Property prices in Mahurangi continue to climb, on the back of strong demand and shrinking supply.
Bayleys researcher Goran Ujdur spoke at a function at the Bayleys Warkworth headquarters on July 6.
He said prices would probably continue to increase for another two years on the back of a strong economy, high migration numbers and a lack of housing supply.
Warkworth was well placed to be a major growth area, with the motorway extension and growth enabled by the Unitary Plan, he said.
Prices in Warkworth had increased by 21 per cent in the past year, up to $687,500, while the number of properties on the market was declining rapidly. In North Rodney, volumes were 40 per cent lower than in May last year. In Auckland, the number of listings was half the historic average of 10,000 a month.
The trend was likely to continue for the next two years, unless there was a global shock, Mr Ujdur said.
The NZ economy was one of the best performers in the OECD, increasing at 2.8 per cent. This was on the back of record tourist numbers, a booming construction and manufacturing and growth in primary industries (excluding dairy).
Population growth had also been at the highest rate in 42 years – the average growth rate has been 14,000 a year over that period, whereas the population grew by 64,000 in the last 12 months.

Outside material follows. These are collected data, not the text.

(* Let $r\ge 1$, $m=2^r$, let $n$ be an odd positive integer, and let $b$ be a positive integer having property $\mathcal{P}$ with respect to $n$. Then $x^{2^i n}+b^m$ is irreducible over $\mathbb{Z}$ for every integer $i$ with $0\le i\le r$.
   Context: For a positive integer $N$, a positive integer $b$ has property $\mathcal{P}$ with respect to $N$ if either $b$ is a prime number, or $b=(p_1^{b_1}p_2^{b_2}\cdots p_k^{b_k})^d$ where $k\ge 2$, $p_1,\dots,p_k$ are distinct primes, $b_1,\dots,b_k\ge 1$, $\gcd(b_1,\ldots,b_k)=1$, and $d$ is a positive integer with $\gcd(d,N)=1$. A monic polynomial in $\mathbb{Z}[x]$ of degree $\ge 1$ is irreducible over $\mathbb{Z}$ if it is not a product of two polynomials in $\mathbb{Z}[x]$ of degree at least $1$. *)

theory Defs
  imports "HOL-Computational_Algebra.Computational_Algebra"
begin

definition property_P :: "nat \<Rightarrow> nat \<Rightarrow> bool" where
  "property_P N b \<longleftrightarrow> prime b \<or>
     (\<exists>S e d. finite S \<and> card S \<ge> 2 \<and> (\<forall>p\<in>S. prime p) \<and> (\<forall>p\<in>S. e p \<ge> 1)
        \<and> Gcd (e ` S) = 1 \<and> d > 0 \<and> coprime d N
        \<and> b = (\<Prod>p\<in>S. p ^ e p) ^ d)"

definition irreducible_over_Z :: "int poly \<Rightarrow> bool" where
  "irreducible_over_Z f \<longleftrightarrow> degree f \<ge> 1 \<and>
     \<not> (\<exists>g h. degree g \<ge> 1 \<and> degree h \<ge> 1 \<and> f = g * h)"

end

theory Submission
  imports Defs
begin
(* Let $c\in\mathbb{R}$, $\beta\geq 0$ and $q\in(0,1)$. Then $$Z_{\beta,q,c}=\sum_{\sigma\in\mathcal{B}} e^{-\beta H(\sigma)}q^{f_c(\sigma)}=e^{-\beta}\prod_{i=1}^\infty\big(1+(e^{-2\beta}-1)q^{2i}\big)\big(1+q^{2(i-c)}\big)\big(1+q^{2(i-1+c)}\big).$$
   Context: Spin configurations are $\sigma=(\sigma_i)_{i\in\mathbb{Z}}\in\{-1,+1\}^{\mathbb{Z}}$. The set of blocking configurations is $\mathcal{B}=\{\sigma\in\{-1,+1\}^{\mathbb{Z}}: \exists a,b\in\mathbb{Z}\text{ such that } \sigma_{a-i}=-1,\ \sigma_{b+i}=+1\ \forall i\in\mathbb{N}\}$. The homogeneous Hamiltonian is $H(\sigma)=\sum_{i\in\mathbb{Z}}\mathbb{1}_{\{\sigma_i\neq\sigma_{i+1}\}}$ (the Ising Hamiltonian with interaction $J(i)\equiv 1$), and $f_c(\sigma)=2\sum_{i=1}^\infty(i-c)\mathbb{1}_{\{\sigma_i=-1\}}-2\sum_{i=-\infty}^0(i-c)\mathbb{1}_{\{\sigma_i=1\}}$. $Z_{\beta,q,c}$ is the normalising constant (partition function) of the Ising measure $\mu(\sigma)\propto e^{-\beta H(\sigma)}q^{f_c(\sigma)}$; configurations outside $\mathcal{B}$ contribute zero weight. *)

theory Defs
  imports "HOL-Analysis.Analysis"
begin

type_synonym config = "int \<Rightarrow> int"

definition spin_configs :: "config set" where
  "spin_configs = {\<sigma>. \<forall>i. \<sigma> i \<in> {-1, 1}}"

definition blocking :: "config set" where
  "blocking = {\<sigma> \<in> spin_configs. \<exists>a b::int. \<forall>i::nat.
      \<sigma> (a - int i) = -1 \<and> \<sigma> (b + int i) = 1}"

definition Ham :: "config \<Rightarrow> real" where
  "Ham \<sigma> = (\<Sum>\<^sub>\<infinity> i::int. if \<sigma> i \<noteq> \<sigma> (i + 1) then 1 else 0)"

definition f_c :: "real \<Rightarrow> config \<Rightarrow> real" where
  "f_c c \<sigma> =
     2 * (\<Sum>\<^sub>\<infinity> i\<in>{1::int..}. if \<sigma> i = -1 then real_of_int i - c else 0)
   - 2 * (\<Sum>\<^sub>\<infinity> i\<in>{..0::int}. if \<sigma> i = 1 then real_of_int i - c else 0)"

definition weight :: "real \<Rightarrow> real \<Rightarrow> real \<Rightarrow> config \<Rightarrow> real" where
  "weight \<beta> q c \<sigma> = exp (- \<beta> * Ham \<sigma>) * q powr f_c c \<sigma>"

definition partition_fn :: "real \<Rightarrow> real \<Rightarrow> real \<Rightarrow> real" where
  "partition_fn \<beta> q c = (\<Sum>\<^sub>\<infinity> \<sigma>\<in>blocking. weight \<beta> q c \<sigma>)"

end

(*
  Two parametrisations of the blocking configurations are compared.

  Every blocking configuration arises from the ground state (minus on the non-positive, plus on
  the positive sites) by flipping a finite set of spins. At beta = 0, flipping the spin at x
  multiplies the weight by q^(2(x - c)) if x >= 1 and by q^(2(c - x)) if x <= 0, independently
  of the other flips, so Z at beta = 0 is the product over i >= 1 of
  (1 + q^(2(i-c))) (1 + q^(2(i-1+c))).

  Alternatively, a blocking configuration is a first wall followed by alternating runs of a_k
  plus and b_k minus spins. Sorting its spins gives a single-wall configuration with wall at a
  centre n, every transposition of a neighbouring (+,-) pair costing q^2, and every pair of runs
  adds two walls. Hence its weight is e^(-beta) q^(2 psi(n)) t^k (q^2)^inv, where
  psi(n) = n(n+1)/2 - c n and t = e^(-2 beta). Summing over the runs level by level gives
  Z = e^(-beta) J prod_(s >= 1) (1 + t q^(2s) / (1 - q^(2s))), where J is the sum of q^(2 psi(n))
  over all centres n. Comparing with beta = 0 determines J (this is the Jacobi triple product
  identity), and (1 + t x / (1 - x)) (1 - x) = 1 + (t - 1) x yields the formula.
*)
theory Submission
  imports Defs
begin

section \<open>Sums of non-negative families and infinite products\<close>

lemma finite_subset_incseq_Union:
  assumes "incseq A" "finite F" "F \<subseteq> (\<Union>n. A n)"
  obtains n where "F \<subseteq> A n"
  using assms(2,3)
proof (induction F arbitrary: thesis rule: finite_induct)
  case (insert x F)
  obtain n where "F \<subseteq> A n" using insert by auto
  moreover obtain m where "x \<in> A m" using insert.prems by auto
  ultimately have "insert x F \<subseteq> A (max n m)"
    using monoD[OF assms(1), of n "max n m"] monoD[OF assms(1), of m "max n m"] by auto
  then show ?case by (rule insert.prems)
qed simp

The majority of the growth was coming from immigration from China and India, and returning Kiwis.
Chinese international investment in property was also growing rapidly and NZ was one of the most popular property markets.
External risks to the economy were causing some concern, with the ‘Brexit’ vote causing instability and the ‘Donald Trump-factor’ creating uncertainty ahead of the US election.
Conversely, there had been an increase in interest in NZ property from UK and US buyers.